[Source records]

lemma FLb_image_bounded:
  assumes "S \<in> FLb \<mu> \<nu>" "forder_bounded_set \<mu> A"
  obtains l u where "\<And>a. a \<in> A \<Longrightarrow> fle \<nu> l (S a) \<and> fle \<nu> (S a) u"
proof -
  have "forder_bounded_set \<nu> (S ` A)"
    using assms by (simp add: FLb_def)
  then obtain u l where "fub \<nu> (S ` A) u" "flb \<nu> (S ` A) l"
    unfolding forder_bounded_set_def by blast
  then show ?thesis
    unfolding is_ub_on_def is_lb_on_def by (intro that[of l u]) auto
qed

lemma forder_bounded_setI:
  "(\<And>a. a \<in> A \<Longrightarrow> fle \<nu> l a \<and> fle \<nu> a u) \<Longrightarrow> forder_bounded_set \<nu> A"
  unfolding forder_bounded_set_def is_ub_on_def is_lb_on_def by blast

lemma forder_bounded_interval: "forder_bounded_set \<mu> {y. fle \<mu> 0 y \<and> fle \<mu> y x}"
  unfolding forder_bounded_set_def is_ub_on_def is_lb_on_def by (blast intro: exI[of _ x] exI[of _ 0])

lemma positive_mono:
  assumes "linear P" "fuzzy_positive \<mu> \<nu> P" "fle \<mu> a b"
  shows "fle \<nu> (P a) (P b)"
proof -
  have "fle \<nu> 0 (P (b - a))"
    using fuzzy_positiveD[OF assms(2)] assms(3) E.fle_iff_diff_nonneg[of a b] by blast
  then show ?thesis
    using linear_diff[OF assms(1), of b a] F.fle_iff_diff_nonneg[of "P a" "P b"] by simp
qed

lemma FLb_if_positive:
  assumes "linear P" "fuzzy_positive \<mu> \<nu> P"
  shows "P \<in> FLb \<mu> \<nu>"
  unfolding FLb_def
proof (intro CollectI conjI allI impI)
  fix A assume "forder_bounded_set \<mu> A"
  then obtain u l where "\<And>a. a \<in> A \<Longrightarrow> fle \<mu> a u \<and> fle \<mu> l a"
    unfolding forder_bounded_set_def is_ub_on_def is_lb_on_def by blast
  then show "forder_bounded_set \<nu> (P ` A)"
    using positive_mono[OF assms] by (intro forder_bounded_setI[of _ "P l" "P u"]) blast
qed fact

**Task**
From the line that has "unfolding forder_bounded_set_def by blast" through the line that has "fle \<mu> 0", copy every line exactly as it appears above, and leave out all others.

**The answer**
    unfolding forder_bounded_set_def by blast
  then show ?thesis
    unfolding is_ub_on_def is_lb_on_def by (intro that[of l u]) auto
qed

lemma forder_bounded_setI:
  "(\<And>a. a \<in> A \<Longrightarrow> fle \<nu> l a \<and> fle \<nu> a u) \<Longrightarrow> forder_bounded_set \<nu> A"
  unfolding forder_bounded_set_def is_ub_on_def is_lb_on_def by blast

lemma forder_bounded_interval: "forder_bounded_set \<mu> {y. fle \<mu> 0 y \<and> fle \<mu> y x}"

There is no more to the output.